(Supplied records Opens)

(* Fix a compact cube $K\subseteq\mathbb R^d$, $0<T<\infty$ and an initial state $\sigma\in\Sigma$. Then there is an almost surely finite random variable $M$ such that almost surely $\sigma(x,t)=\sigma^M(x,t)$ for all $(x,t)\in K\times[0,T]$, where for $m>0$, $$\sigma^m(x,t)=\sup_{y\le x,\ |y|_\infty\le m}\{\sigma(y)+\mathbf H((y,0),(x,t))\}.$$
   Context: Order: for $x,y\in\mathbb R^d$, $x\le y$ iff $x_i\le y_i$ for all $i$; $\mathbf 1=(1,\dots,1)$; $|x|_\infty=\max_i|x_i|$; $d\ge2$. $\mathbb Z^*=\mathbb Z\cup\{\pm\infty\}$. The state space $\Sigma$ is the set of functions $\sigma:\mathbb R^d\to\mathbb Z^*$ such that (i) $x\le y$ implies $\sigma(x)\le\sigma(y)$; (ii) for every cube $[-q\mathbf 1,q\mathbf 1]$ there are finite partitions $-q=s_i^0<\dots<s_i^{m_i}=q$ of each coordinate axis such that $\sigma$ is constant on each rectangle $\prod_i[s_i^{k_i},s_i^{k_i+1})$; (iii) for every $b\in\mathbb R^d$, $\lim_{M\to\infty}\sup\{|y|_\infty^{-d/(d+1)}\sigma(y):y\le b,|y|_\infty\ge M\}=-\infty$. A rate-one Poisson point process on $\mathbb R^d\times(0,\infty)$ is given; $\mathbf H((y,0),(x,t))$ is the maximal number of Poisson points on a strictly increasing chain (coordinatewise order in $\mathbb R^{d+1}$) in $\{(\eta,s):y<\eta\le x,0<s\le t\}$ (with $\mathbf H=0$ for $t=0$). The process is $\sigma(x,t)=\sup_{y\le x}\{\sigma(y)+\mathbf H((y,0),(x,t))\}$, $\sigma(x,0)=\sigma(x)$. *)

theory Defs
  imports "HOL-Probability.Probability"
begin

type_synonym 'd pt = "real^'d"

definition vle :: "real^'d \<Rightarrow> real^'d \<Rightarrow> bool" where
  "vle x y \<longleftrightarrow> (\<forall>i. x$i \<le> y$i)"

definition vlt :: "real^'d \<Rightarrow> real^'d \<Rightarrow> bool" where
  "vlt x y \<longleftrightarrow> (\<forall>i. x$i < y$i)"

definition supnorm :: "real^'d \<Rightarrow> real" where
  "supnorm x = Max (range (\<lambda>i. \<bar>x$i\<bar>))"

definition zstar :: "ereal set" where
  "zstar = {ereal (real_of_int k) | k. True} \<union> {\<infinity>, -\<infinity>}"

definition StateSpace :: "(real^'d \<Rightarrow> ereal) set" where
  "StateSpace = {\<sigma>.
     (\<forall>x. \<sigma> x \<in> zstar) \<and>
     (\<forall>x y. vle x y \<longrightarrow> \<sigma> x \<le> \<sigma> y) \<and>
     (\<forall>q>0. \<exists>S :: 'd \<Rightarrow> real set.
        (\<forall>i. finite (S i) \<and> -q \<in> S i \<and> q \<in> S i \<and> S i \<subseteq> {-q..q}) \<and>
        (\<forall>x y. (\<forall>i. x$i \<in> {-q..<q} \<and> y$i \<in> {-q..<q}) \<and>
               (\<forall>i. \<forall>s\<in>S i. (s \<le> x$i \<longleftrightarrow> s \<le> y$i))
               \<longrightarrow> \<sigma> x = \<sigma> y)) \<and>
     (\<forall>b. ((\<lambda>M. Sup {ereal (supnorm y powr (- real CARD('d) / (real CARD('d) + 1))) * \<sigma> y
                     | y. vle y b \<and> supnorm y \<ge> M})
            \<longlongrightarrow> -\<infinity>) at_top)}"

definition poisson_pp ::
  "'a measure \<Rightarrow> ('a \<Rightarrow> ((real^'d) \<times> real) set) \<Rightarrow> bool" where
  "poisson_pp M P \<longleftrightarrow>
     prob_space M \<and>
     (\<forall>\<omega>\<in>space M. P \<omega> \<subseteq> UNIV \<times> {0<..} \<and>
        (\<forall>B. bounded B \<longrightarrow> finite (P \<omega> \<inter> B))) \<and>
     (\<forall>B. B \<in> sets borel \<and> bounded B \<and> B \<subseteq> UNIV \<times> {0<..} \<longrightarrow>
        (\<lambda>\<omega>. card (P \<omega> \<inter> B)) \<in> measurable M (count_space UNIV) \<and>
        (\<forall>k. measure M {\<omega>\<in>space M. card (P \<omega> \<inter> B) = k}
              = (measure lborel B) ^ k / fact k * exp (- measure lborel B))) \<and>
     (\<forall>(I :: nat set) Bs. finite I \<and> disjoint_family_on Bs I \<and>
        (\<forall>i\<in>I. Bs i \<in> sets borel \<and> bounded (Bs i) \<and> Bs i \<subseteq> UNIV \<times> {0<..}) \<longrightarrow>
        prob_space.indep_vars M (\<lambda>_. count_space UNIV)
          (\<lambda>i \<omega>. card (P \<omega> \<inter> Bs i)) I)"

definition strict_chain :: "((real^'d) \<times> real) set \<Rightarrow> bool" where
  "strict_chain C \<longleftrightarrow> (\<forall>p\<in>C. \<forall>q\<in>C. p \<noteq> q \<longrightarrow>
      (vlt (fst p) (fst q) \<and> snd p < snd q) \<or> (vlt (fst q) (fst p) \<and> snd q < snd p))"

text \<open>H((y,0),(x,t)) for the point configuration Pw.\<close>
definition Hlpp :: "((real^'d) \<times> real) set \<Rightarrow> real^'d \<Rightarrow> real^'d \<Rightarrow> real \<Rightarrow> ereal" where
  "Hlpp Pw y x t = Sup {ereal (real (card C)) | C. finite C \<and> strict_chain C \<and>
      C \<subseteq> Pw \<inter> {(\<eta>, s). vlt y \<eta> \<and> vle \<eta> x \<and> 0 < s \<and> s \<le> t}}"

definition sigma_proc ::
  "(real^'d \<Rightarrow> ereal) \<Rightarrow> ((real^'d) \<times> real) set \<Rightarrow> real^'d \<Rightarrow> real \<Rightarrow> ereal" where
  "sigma_proc \<sigma> Pw x t = Sup {\<sigma> y + Hlpp Pw y x t | y. vle y x}"

definition sigma_trunc ::
  "real \<Rightarrow> (real^'d \<Rightarrow> ereal) \<Rightarrow> ((real^'d) \<times> real) set \<Rightarrow> real^'d \<Rightarrow> real \<Rightarrow> ereal" where
  "sigma_trunc m \<sigma> Pw x t = Sup {\<sigma> y + Hlpp Pw y x t | y. vle y x \<and> supnorm y \<le> m}"

end

theory Submission
  imports Defs "HOL-Real_Asymp.Real_Asymp"
begin

(* A far-away initial point y cannot beat y = x in the supremum defining sigma (x, t) on the
   cube K = [c, b]. By the growth condition (iii), for every A we have
   sigma y <= -A |y|^(d/(d+1)) once |y| is large, whereas almost surely the longest chain from
   (b - (n, ..., n), 0) to (b, T) has length at most C n^(d/(d+1)) + 1 for all large n; together
   these bound the contribution of every y beyond some radius by sigma x. The chain bound is
   Hammersley's argument plus Borel-Cantelli: a chain of length k in a box of side n and height T
   passes through a coordinatewise monotone path of k cells of the grid with k^(d+1) cells; there
   are at most 4^(k(d+1)) such paths, and the k cells of a path, of total volume lambda, contain
   k Poisson points with probability at most lambda^k/k!. This is at most 2^(-k) once
   k >= C n^(d/(d+1)), and the random radius is built from the (measurable) last n at which
   such a long chain occurs. *)

section \<open>Space-time boxes and longest chains\<close>

lemma abs_component_le_supnorm: "\<bar>x $ i\<bar> \<le> supnorm x"
  unfolding supnorm_def by (rule Max_ge) auto

lemma supnorm_nonneg: "0 \<le> supnorm x"
  using abs_ge_zero abs_component_le_supnorm by (rule order_trans)

lemma supnorm_le: "(\<And>i. \<bar>x $ i\<bar> \<le> K) \<Longrightarrow> supnorm x \<le> K"
  unfolding supnorm_def by (subst Max_le_iff) auto

lemma supnorm_le_of_mem_cbox: "x \<in> cbox a b \<Longrightarrow> supnorm x \<le> supnorm a + supnorm b"
proof (rule supnorm_le)
  fix i assume "x \<in> cbox a b"
  then have "a $ i \<le> x $ i" "x $ i \<le> b $ i" by (simp_all add: mem_box_cart)
  then show "\<bar>x $ i\<bar> \<le> supnorm a + supnorm b"
    using abs_component_le_supnorm[of a i] abs_component_le_supnorm[of b i] by linarith
qed

definition stbox :: "real^'d \<Rightarrow> real \<Rightarrow> real^'d \<Rightarrow> real \<Rightarrow> ((real^'d) \<times> real) set" where
  "stbox y s x t = {(\<eta>, u). vlt y \<eta> \<and> vle \<eta> x \<and> s < u \<and> u \<le> t}"

lemma stbox_mono:
  "vle y' y \<Longrightarrow> s' \<le> s \<Longrightarrow> vle x x' \<Longrightarrow> t \<le> t' \<Longrightarrow> stbox y s x t \<subseteq> stbox y' s' x' t'"
  unfolding stbox_def vle_def vlt_def by (auto intro: order_le_less_trans order_trans)

lemma stbox_subset_cbox: "stbox y s x t \<subseteq> cbox (y, s) (x, t)"
  unfolding stbox_def vle_def vlt_def cbox_Pair_eq by (auto simp: mem_box_cart less_imp_le)

lemma bounded_stbox: "bounded (stbox y s x t)"
  using bounded_cbox stbox_subset_cbox by (rule bounded_subset)

lemma stbox_borel: "stbox y s x t \<in> sets borel"
proof -
  have [measurable]: "(\<lambda>p::(real^'d) \<times> real. fst p $ i) \<in> borel_measurable borel" for i
    by (intro borel_measurable_continuous_onI continuous_intros)
  have [measurable]: "(\<lambda>p::(real^'d) \<times> real. snd p) \<in> borel_measurable borel"
    by (intro borel_measurable_continuous_onI continuous_intros)
  have "stbox y s x t =
      {p \<in> space borel. (\<forall>i. y $ i < fst p $ i \<and> fst p $ i \<le> x $ i) \<and> s < snd p \<and> snd p \<le> t}"
    unfolding stbox_def vle_def vlt_def by auto
  also have "\<dots> \<in> sets borel" by measurable
  finally show ?thesis .
qed

lemma stbox_subset_positive_time: "0 \<le> s \<Longrightarrow> stbox y s x t \<subseteq> UNIV \<times> {0<..}"
  unfolding stbox_def by auto

lemma measure_stbox_le:
  assumes "vle y x" "s \<le> t"
  shows "measure lborel (stbox y s x t) \<le> (\<Prod>i\<in>UNIV. x $ i - y $ i) * (t - s)"
proof -
  have "y \<in> cbox y x" using assms(1) by (simp add: mem_box_cart vle_def)
  then have "measure lborel (cbox y x) = (\<Prod>i\<in>UNIV. x $ i - y $ i)"
    by (intro content_cbox_cart) blast
  moreover have "measure lborel (cbox s t) = t - s"
    using assms(2) by (simp add: cbox_interval)
  moreover have "measure lborel (stbox y s x t) \<le> measure lborel (cbox (y, s) (x, t))"
    by (intro measure_mono_fmeasurable stbox_subset_cbox) (auto simp: stbox_borel)
  ultimately show ?thesis by (simp add: content_Pair)
qed

lemma Hlpp_eq_Sup_chains:
  "Hlpp Pw y x t =
    Sup ((\<lambda>C. ereal (card C)) ` {C. finite C \<and> strict_chain C \<and> C \<subseteq> Pw \<inter> stbox y 0 x t})"
  unfolding Hlpp_def stbox_def by (rule arg_cong[where f = Sup]) auto

lemma Hlpp_mono: "vle y' y \<Longrightarrow> vle x x' \<Longrightarrow> t \<le> t' \<Longrightarrow> Hlpp Pw y x t \<le> Hlpp Pw y' x' t'"
  unfolding Hlpp_eq_Sup_chains using stbox_mono[of y' y 0 0 x x' t t']
  by (intro Sup_subset_mono) blast

lemma Hlpp_nonneg: "0 \<le> Hlpp Pw y x t"
proof -
  have "ereal (card {}) \<le> Hlpp Pw y x t"
    unfolding Hlpp_eq_Sup_chains
    by (rule Sup_upper, rule image_eqI[of _ _ "{}"]) (auto simp: strict_chain_def)
  then show ?thesis by (simp add: zero_ereal_def)
qed
(* Let $p$ be a prime and let $G$ be a finite group with $G=PN$, where $P\in\mathrm{Syl}_p(G)$, $N\trianglelefteq G$ and $\gcd(|P|,|N|)=1$. If $x\in P$, then $|x^G|\leq \nu_p(G)|x^P|$, with equality if and only if $P$ is the unique Sylow $p$-subgroup of $G$ containing $x$.
   Context: $x^G$ (resp. $x^P$) denotes the conjugacy class of $x$ in $G$ (resp. in $P$), $\mathrm{Syl}_p(G)$ the set of Sylow $p$-subgroups of $G$, and $\nu_p(G)=|\mathrm{Syl}_p(G)|$. *)

theory Defs
  imports "HOL-Algebra.Algebra" "HOL-Computational_Algebra.Primes"
begin

definition Syl :: "('a, 'b) monoid_scheme \<Rightarrow> nat \<Rightarrow> 'a set set" where
  "Syl G p = {P. subgroup P G \<and> card P = p ^ multiplicity p (order G)}"

definition conj_class :: "('a, 'b) monoid_scheme \<Rightarrow> 'a set \<Rightarrow> 'a \<Rightarrow> 'a set" where
  "conj_class G H x = {h \<otimes>\<^bsub>G\<^esub> x \<otimes>\<^bsub>G\<^esub> inv\<^bsub>G\<^esub> h | h. h \<in> H}"

end

theory Submission
  imports Defs
begin

text \<open>Count the pairs (y, Q) with y a conjugate of x and Q a Sylow p-subgroup containing y.
  All Sylow p-subgroups are conjugate, so each contains as many conjugates of x as P does;
  and each conjugate of x lies in as many Sylow p-subgroups as x does. Hence
  |x^G| \<cdot> #{Q. x \<in> Q} = \<nu>_p(G) \<cdot> |x^G \<inter> P|, which gives the inequality, with equality
  iff P is the only Sylow p-subgroup containing x. When G = PN with P \<inter> N = 1, a conjugate
  (an)x(an)\<inverse> \<in> P with a \<in> P, n \<in> N forces nxn\<inverse> \<in> P, so the commutator nxn\<inverse>x\<inverse>
  lies in P \<inter> N and x^G \<inter> P = x^P.\<close>

lemma card_eq_1_iff_eq_singleton: "a \<in> A \<Longrightarrow> card A = 1 \<longleftrightarrow> A = {a}"
  by (auto simp: card_1_singleton_iff)

section \<open>Conjugation\<close>

definition conjugation :: "('a, 'b) monoid_scheme \<Rightarrow> 'a \<Rightarrow> 'a \<Rightarrow> 'a" where
  "conjugation G g h = g \<otimes>\<^bsub>G\<^esub> h \<otimes>\<^bsub>G\<^esub> inv\<^bsub>G\<^esub> g"

context group
begin

lemma conjugation_closed [simp, intro]:
  "g \<in> carrier G \<Longrightarrow> h \<in> carrier G \<Longrightarrow> conjugation G g h \<in> carrier G"
  by (simp add: conjugation_def)

lemma conjugation_mult:
  assumes "g \<in> carrier G" "g' \<in> carrier G" "h \<in> carrier G"
  shows "conjugation G (g \<otimes> g') h = conjugation G g (conjugation G g' h)"
  using assms by (simp add: conjugation_def inv_mult_group m_assoc)

lemma conjugation_inv_cancel [simp]:
  assumes "g \<in> carrier G" "h \<in> carrier G"
  shows "conjugation G (inv g) (conjugation G g h) = h"
    and "conjugation G g (conjugation G (inv g) h) = h"
  using assms by (simp_all flip: conjugation_mult) (simp_all add: conjugation_def)

lemma inj_on_conjugation: "g \<in> carrier G \<Longrightarrow> inj_on (conjugation G g) (carrier G)"
  by (metis conjugation_inv_cancel(1) inj_onI)

lemma conj_class_eq_image: "conj_class G H x = (\<lambda>h. conjugation G h x) ` H"
  by (auto simp: conj_class_def conjugation_def)

lemma conj_class_subset_carrier:
  "x \<in> carrier G \<Longrightarrow> conj_class G (carrier G) x \<subseteq> carrier G"
  by (auto simp: conj_class_eq_image)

(Supplied records Closes)

Work to be completed:
A word-for-word copy of the lines above from the one with "sigma y <= -A" through the one with "Hammersley's argument plus", inclusive, is the only output wanted.

Final answer:
   sigma y <= -A |y|^(d/(d+1)) once |y| is large, whereas almost surely the longest chain from
   (b - (n, ..., n), 0) to (b, T) has length at most C n^(d/(d+1)) + 1 for all large n; together
   these bound the contribution of every y beyond some radius by sigma x. The chain bound is
   Hammersley's argument plus Borel-Cantelli: a chain of length k in a box of side n and height T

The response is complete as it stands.